Marco Túlio Cícero foi um advogado, político, escritor, orador e filósofo da República Romana eleito cônsul no ano de 63 a.C. Ele produziu uma série de textos sobre como conduzir um país, com dicas a respeito de leis, poder, liderança, amigos e inimigos, persuasão, compromisso, dinheiro, imigração, guerra, corrupção e tirania.
O Jornal do Brasil dá continuidade à publicação de trechos dos textos, que podem servir de inspiração para o momento atual do país.

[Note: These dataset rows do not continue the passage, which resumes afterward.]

lemma k_aut_diag:
  assumes "\<forall>i. e i \<noteq> 0"
  shows "k_aut (diag e)"
proof (rule k_autI[OF k_hom_diag[OF assms]])
  fix i
  have "diag e (rconst (inverse (e i)) * rvar i) = rvar i"
    using assms
    by (simp add: k_hom_mult[OF k_hom_diag[OF assms]] k_hom_rconst[OF k_hom_diag[OF assms]]
        diag_rvar mult.assoc[symmetric] flip: rconst_mult)
  then show "rvar i \<in> range (diag e)"
    by (metis rangeI)
qed

lemma diag_comp:
  assumes "\<forall>i. e i \<noteq> 0" "\<forall>i. e' i \<noteq> 0"
  shows "diag e \<circ> diag e' = diag (e * e')"
proof (rule k_hom_eqI)
  show "k_hom (diag e \<circ> diag e')" "k_hom (diag (e * e'))"
    using assms by (simp_all add: k_hom_comp k_hom_diag)
  show "(diag e \<circ> diag e') (rvar i) = diag (e * e') (rvar i)" for i
    using assms by (simp add: diag_rvar k_hom_mult[OF k_hom_diag] k_hom_rconst[OF k_hom_diag]
        rconst_mult mult_ac)
qed

lemma diag_1: "diag 1 = id"
proof (rule k_hom_eqI)
  show "k_hom (diag 1)" "k_hom id"
    by (simp_all add: k_hom_diag k_hom_id)
qed (simp add: diag_rvar)

lemma diag_funpow:
  assumes "\<forall>i. e i \<noteq> 0"
  shows "diag e ^^ n = diag (e ^ n)"
proof (induction n)
  case (Suc n)
  have "\<forall>i. (e ^ n) i \<noteq> 0"
    using assms by (simp add: power_fun_apply)
  then show ?case
    using Suc assms by (simp add: diag_comp times_fun_def)
qed (simp add: diag_1[unfolded one_fun_def])

section \<open>Monomial shears\<close>

text \<open>Exponent matrix M = [[2,1],[1,1]] on the coordinates i, k; det M = 1 makes it invertible.\<close>

definition shear_exp :: "'n \<Rightarrow> 'n \<Rightarrow> ('n \<Rightarrow>\<^sub>0 nat) \<Rightarrow> ('n \<Rightarrow>\<^sub>0 nat)" where
  "shear_exp i k v = v + Poly_Mapping.single i (Poly_Mapping.lookup v i + Poly_Mapping.lookup v k)
     + Poly_Mapping.single k (Poly_Mapping.lookup v i)"

definition shear :: "'n::{finite,linorder} \<Rightarrow> 'n \<Rightarrow> ('n, 'k::field) ratfun \<Rightarrow> ('n, 'k) ratfun" where
  "shear i k = fract_map (monomial_map (shear_exp i k) (\<lambda>_. 1))"

lemma lookup_shear_exp:
  assumes "i \<noteq> k"
  shows "Poly_Mapping.lookup (shear_exp i k v) j =
    (if j = i then 2 * Poly_Mapping.lookup v i + Poly_Mapping.lookup v k
     else if j = k then Poly_Mapping.lookup v i + Poly_Mapping.lookup v k
     else Poly_Mapping.lookup v j)"
  using assms by (simp add: shear_exp_def lookup_add lookup_single)

lemma inj_shear_exp:
  assumes "i \<noteq> k"
  shows "inj (shear_exp i k)"
proof (rule injI)
  fix v w
  assume "shear_exp i k v = shear_exp i k w"
  then have eq: "Poly_Mapping.lookup (shear_exp i k v) j = Poly_Mapping.lookup (shear_exp i k w) j"
    for j
    by simp
  have "2 * Poly_Mapping.lookup v i + Poly_Mapping.lookup v k
      = 2 * Poly_Mapping.lookup w i + Poly_Mapping.lookup w k"
    and "Poly_Mapping.lookup v i + Poly_Mapping.lookup v k
      = Poly_Mapping.lookup w i + Poly_Mapping.lookup w k"
    using eq[of i] eq[of k] assms by (simp_all add: lookup_shear_exp)
  then have "Poly_Mapping.lookup v i = Poly_Mapping.lookup w i"
    and "Poly_Mapping.lookup v k = Poly_Mapping.lookup w k"
    by linarith+
  moreover have "Poly_Mapping.lookup v j = Poly_Mapping.lookup w j" if "j \<noteq> i" "j \<noteq> k" for j
    using eq[of j] that assms by (simp add: lookup_shear_exp)
  ultimately show "v = w"
    by (metis poly_mapping_eqI)
qed

lemma inj_idom_hom_shear:
  assumes "i \<noteq> k"
  shows "inj_idom_hom (monomial_map (shear_exp i k) (\<lambda>_. 1::'k::field))"
proof (rule inj_idom_hom_monomial_map)
  show "shear_exp i k (v + w) = shear_exp i k v + shear_exp i k w" for v w
    by (simp add: shear_exp_def lookup_add single_add ac_simps)
qed (simp_all add: shear_exp_def inj_shear_exp[OF assms])

lemma k_hom_shear: "i \<noteq> k \<Longrightarrow> k_hom (shear i k)"
  unfolding shear_def by (rule k_hom_fract_map[OF inj_idom_hom_shear]) (simp_all add: shear_exp_def)

lemma shear_rvar:
  assumes "i \<noteq> k"
  shows "shear i k (rvar j) = (if j = i then rvar i ^ 2 * rvar k else if j = k then rvar i * rvar k
    else (rvar j :: ('n::{finite,linorder}, 'k::field) ratfun))"
proof -
  have "shear i k (rvar j) = Fraction_Field.Fract
      (monomial_map (shear_exp i k) (\<lambda>_. 1) (Poly_Mapping.single (Poly_Mapping.single j 1) 1)) 1"
    unfolding shear_def rvar_def
    by (rule inj_idom_hom.fract_map_Fract_1[OF inj_idom_hom_shear[OF assms]])
  then have "shear i k (rvar j) =
      (rmonom (shear_exp i k (Poly_Mapping.single j 1)) :: ('n, 'k) ratfun)"
    by (simp add: rmonom_def)
  moreover have "shear_exp i k (Poly_Mapping.single j 1) =
    (if j = i then Poly_Mapping.single i 1 + Poly_Mapping.single i 1 + Poly_Mapping.single k 1
     else if j = k then Poly_Mapping.single i 1 + Poly_Mapping.single k 1
     else Poly_Mapping.single j 1)"
    using assms by (simp add: shear_exp_def lookup_single ac_simps)
  ultimately show ?thesis
    by (simp add: rmonom_add rmonom_single_1[unfolded One_nat_def] power2_eq_square)
qed

lemma k_aut_shear:
  assumes "i \<noteq> k"
  shows "k_aut (shear i k :: ('n::{finite,linorder}, 'k::field) ratfun \<Rightarrow> _)"
proof (rule k_autI[OF k_hom_shear[OF assms]])
  fix j
  let ?G = "shear i k :: ('n, 'k) ratfun \<Rightarrow> _"
  have hom: "k_hom ?G"
    using assms by (rule k_hom_shear)
  have "?G (rvar i * inverse (rvar k)) = ?G (rvar i) * inverse (?G (rvar k))"
    and "?G (rvar k ^ 2 * inverse (rvar i)) = ?G (rvar k) ^ 2 * inverse (?G (rvar i))"
    by (simp_all only: k_hom_mult[OF hom] k_hom_inverse[OF hom] power2_eq_square)
  then have "?G (rvar i * inverse (rvar k)) = rvar i"
    and "?G (rvar k ^ 2 * inverse (rvar i)) = rvar k"
    using assms by (simp_all add: shear_rvar power2_eq_square field_simps)
  moreover have "j \<noteq> i \<Longrightarrow> j \<noteq> k \<Longrightarrow> ?G (rvar j) = rvar j"
    using assms by (simp add: shear_rvar)
  ultimately show "rvar j \<in> range ?G"
    by (metis rangeI)
qed

section \<open>The action of a shear on diagonal maps\<close>

text \<open>Conjugating by the shear transforms the diagonal entries by twist (see diag_twist below);
  untwist is the inverse transformation.\<close>

definition twist :: "'n \<Rightarrow> 'n \<Rightarrow> ('n \<Rightarrow> 'k::field) \<Rightarrow> 'n \<Rightarrow> 'k" where
  "twist i k e = e(i := e i ^ 2 * e k, k := e i * e k)"

definition untwist :: "'n \<Rightarrow> 'n \<Rightarrow> ('n \<Rightarrow> 'k::field) \<Rightarrow> 'n \<Rightarrow> 'k" where
  "untwist i k e = e(i := e i / e k, k := e k ^ 2 / e i)"

lemma twist_nonzero: "\<forall>j. e j \<noteq> 0 \<Longrightarrow> \<forall>j. twist i k e j \<noteq> 0"
  and untwist_nonzero: "\<forall>j. e j \<noteq> 0 \<Longrightarrow> \<forall>j. untwist i k e j \<noteq> 0"
  by (simp_all add: twist_def untwist_def)

lemma twist_mult: "twist i k (x * y) = twist i k x * twist i k y"
  and untwist_mult: "untwist i k (x * y) = untwist i k x * untwist i k y"
  by (auto simp: twist_def untwist_def fun_eq_iff power2_eq_square)

lemma twist_untwist: "i \<noteq> k \<Longrightarrow> \<forall>j. e j \<noteq> 0 \<Longrightarrow> twist i k (untwist i k e) = e"
  and untwist_twist: "i \<noteq> k \<Longrightarrow> \<forall>j. e j \<noteq> 0 \<Longrightarrow> untwist i k (twist i k e) = e"
  by (auto simp: twist_def untwist_def fun_eq_iff power2_eq_square field_simps)

text \<open>On the exponents of the coordinates i, k, twist acts by M and untwist by M^-1; the identity
  is M + M^-1 = 3, Cayley-Hamilton for M.\<close>
lemma twist_mult_untwist:
  assumes "i \<noteq> k" "\<forall>j. e j \<noteq> 0" "\<forall>j. j \<noteq> i \<longrightarrow> j \<noteq> k \<longrightarrow> e j = 1"
  shows "twist i k e * untwist i k e = e ^ 3"
proof
  fix j
  show "(twist i k e * untwist i k e) j = (e ^ 3) j"
    using assms
    by (cases "j = i"; cases "j = k")
      (simp_all add: twist_def untwist_def power_fun_apply power2_eq_square power3_eq_cube)
qed

text \<open>The Lucas numbers L_2n = tr(M^n); the recursion is again Cayley-Hamilton for M.\<close>

fun lucas_even :: "nat \<Rightarrow> nat" where
  "lucas_even 0 = 2"
| "lucas_even (Suc 0) = 3"
| "lucas_even (Suc (Suc n)) = 3 * lucas_even (Suc n) - lucas_even n"

lemma lucas_even_le_Suc: "lucas_even n \<le> lucas_even (Suc n)"
  by (induction n) simp_all

lemma lucas_even_Suc_Suc: "lucas_even (Suc (Suc n)) + lucas_even n = 3 * lucas_even (Suc n)"
  using lucas_even_le_Suc[of n] by simp

lemma two_power_le_lucas_even: "2 ^ n \<le> lucas_even n"
proof (induction n rule: lucas_even.induct)
  case (3 n)
  have "2 * lucas_even (Suc n) \<le> lucas_even (Suc (Suc n))"
    using lucas_even_le_Suc[of n] by simp
  with "3.IH" show ?case
    by simp
qed simp_all

lemma twist_funpow_nonzero: "\<forall>j. e j \<noteq> 0 \<Longrightarrow> \<forall>j. (twist i k ^^ n) e j \<noteq> 0"
  and untwist_funpow_nonzero: "\<forall>j. e j \<noteq> 0 \<Longrightarrow> \<forall>j. (untwist i k ^^ n) e j \<noteq> 0"
  by (rule funpow_invariant[where P = "\<lambda>x. \<forall>j. x j \<noteq> 0"]; simp add: twist_nonzero untwist_nonzero)+

lemma twist_funpow_eq_1:
    "\<forall>j. j \<noteq> i \<longrightarrow> j \<noteq> k \<longrightarrow> e j = 1 \<Longrightarrow> j \<noteq> i \<Longrightarrow> j \<noteq> k \<Longrightarrow> (twist i k ^^ n) e j = 1"
  and untwist_funpow_eq_1:
    "\<forall>j. j \<noteq> i \<longrightarrow> j \<noteq> k \<longrightarrow> e j = 1 \<Longrightarrow> j \<noteq> i \<Longrightarrow> j \<noteq> k \<Longrightarrow> (untwist i k ^^ n) e j = 1"
  by (induction n) (simp_all add: twist_def untwist_def)

lemma untwist_funpow_mult_twist_funpow_step:
  fixes e :: "'n \<Rightarrow> 'k::field"
  assumes ik: "i \<noteq> k" and nz: "\<forall>j. e j \<noteq> 0" and supp: "\<forall>j. j \<noteq> i \<longrightarrow> j \<noteq> k \<longrightarrow> e j = 1"
  defines "E \<equiv> \<lambda>n. (untwist i k ^^ n) e * (twist i k ^^ n) e"
  shows "E (Suc (Suc n)) * E n = E (Suc n) ^ 3"
proof -
  have "twist i k (E (Suc n)) = (untwist i k ^^ n) e * (twist i k ^^ Suc (Suc n)) e"
    using twist_untwist[OF ik untwist_funpow_nonzero[OF nz]] by (simp add: E_def twist_mult)
  moreover have "untwist i k (E (Suc n)) = (untwist i k ^^ Suc (Suc n)) e * (twist i k ^^ n) e"
    using untwist_twist[OF ik twist_funpow_nonzero[OF nz]] by (simp add: E_def untwist_mult)
  ultimately have "twist i k (E (Suc n)) * untwist i k (E (Suc n)) = E (Suc (Suc n)) * E n"
    by (simp only: E_def mult_ac)
  moreover have "\<forall>j. E (Suc n) j \<noteq> 0" "\<forall>j. j \<noteq> i \<longrightarrow> j \<noteq> k \<longrightarrow> E (Suc n) j = 1"
    using nz supp by (simp_all add: E_def twist_funpow_nonzero untwist_funpow_nonzero
        twist_funpow_eq_1 untwist_funpow_eq_1 del: funpow.simps)
  then have "twist i k (E (Suc n)) * untwist i k (E (Suc n)) = E (Suc n) ^ 3"
    by (intro twist_mult_untwist[OF ik])
  ultimately show ?thesis
    by simp
qed

lemma untwist_funpow_mult_twist_funpow:
  fixes e :: "'n \<Rightarrow> 'k::field"
  assumes ik: "i \<noteq> k" and nz: "\<forall>j. e j \<noteq> 0" and supp: "\<forall>j. j \<noteq> i \<longrightarrow> j \<noteq> k \<longrightarrow> e j = 1"
  shows "(untwist i k ^^ n) e * (twist i k ^^ n) e = e ^ lucas_even n"
proof (induction n rule: lucas_even.induct)
  case 1
  then show ?case
    by (simp add: power2_eq_square)
next
  case 2
  then show ?case
    using twist_mult_untwist[OF ik nz supp] by (simp add: mult.commute)
next
  case (3 n)
  let ?E = "\<lambda>n. (untwist i k ^^ n) e * (twist i k ^^ n) e"
  have "?E (Suc (Suc n)) * ?E n = ?E (Suc n) ^ 3"
    by (rule untwist_funpow_mult_twist_funpow_step[OF ik nz supp])
  also have "\<dots> = (e ^ lucas_even (Suc n)) ^ 3"
    by (simp only: "3.IH")
  also have "\<dots> = e ^ (3 * lucas_even (Suc n))"
    by (metis power_mult mult.commute)
  also have "\<dots> = e ^ lucas_even (Suc (Suc n)) * ?E n"
    by (simp only: "3.IH" lucas_even_Suc_Suc[symmetric] power_add)
  finally show ?case
    using nz by (simp add: fun_eq_iff twist_funpow_nonzero untwist_funpow_nonzero
        del: lucas_even.simps funpow.simps)
qed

Cícero fala sobre corrupção:
Senhores do juri, eu sei que vocês estão cientes de que Caio Verres vergonhosamente saqueou a Sicília de todos os seus bens, sagrados e seculares, públicos e privados. Vocês sabem tanto quanto eu que ele abertamente cometeu todo tipo de roubo e pilhagem sem a menor preocupação com a moral ou de ser pego...
Quando a primavera teve início durante o governo dele -- a qual, inclusive, não foi conhecida por ele por um vento quente do Oeste ou por uma constelação ascendente, mas sim pela presença de uma rosa na mesa de jantar -- foi quando ele deu início a suas rondas laboriosas pela província. Ele mostrou tanto vigor e persistência na tarefa que ninguém nunca o via cavalgar. Não, como um rei de Bitínia, ele foi carregado sobre uma liteira por oito homens. Dentro havia uma almofada elegante recheada com pétalas de rosa de Malta. Dentro também estava Verres, usando duas guirlandas, uma na cabeça e outra no pescoço. Perto do nariz, ele segurava uma bolsa do melhor linho também recheada de pétalas de rosas. Foi assim que ele fez suas jornadas pela ilha, carregado diretamente ao seu quarto onde quer que estivesse hospedado. Para estas mesmas câmaras foram oficiais da Sicília e negociantes de Roma, como muitas testemunhas lhes disseram. Ele decidiu disputas legais no privado, anunciando-as em público apenas mais tarde. Deste modo ele passou seu tempo na cama tomando decisões, sem se importar nem um pouco com a justiça, mas bastante preocupado em fazer dinheiro.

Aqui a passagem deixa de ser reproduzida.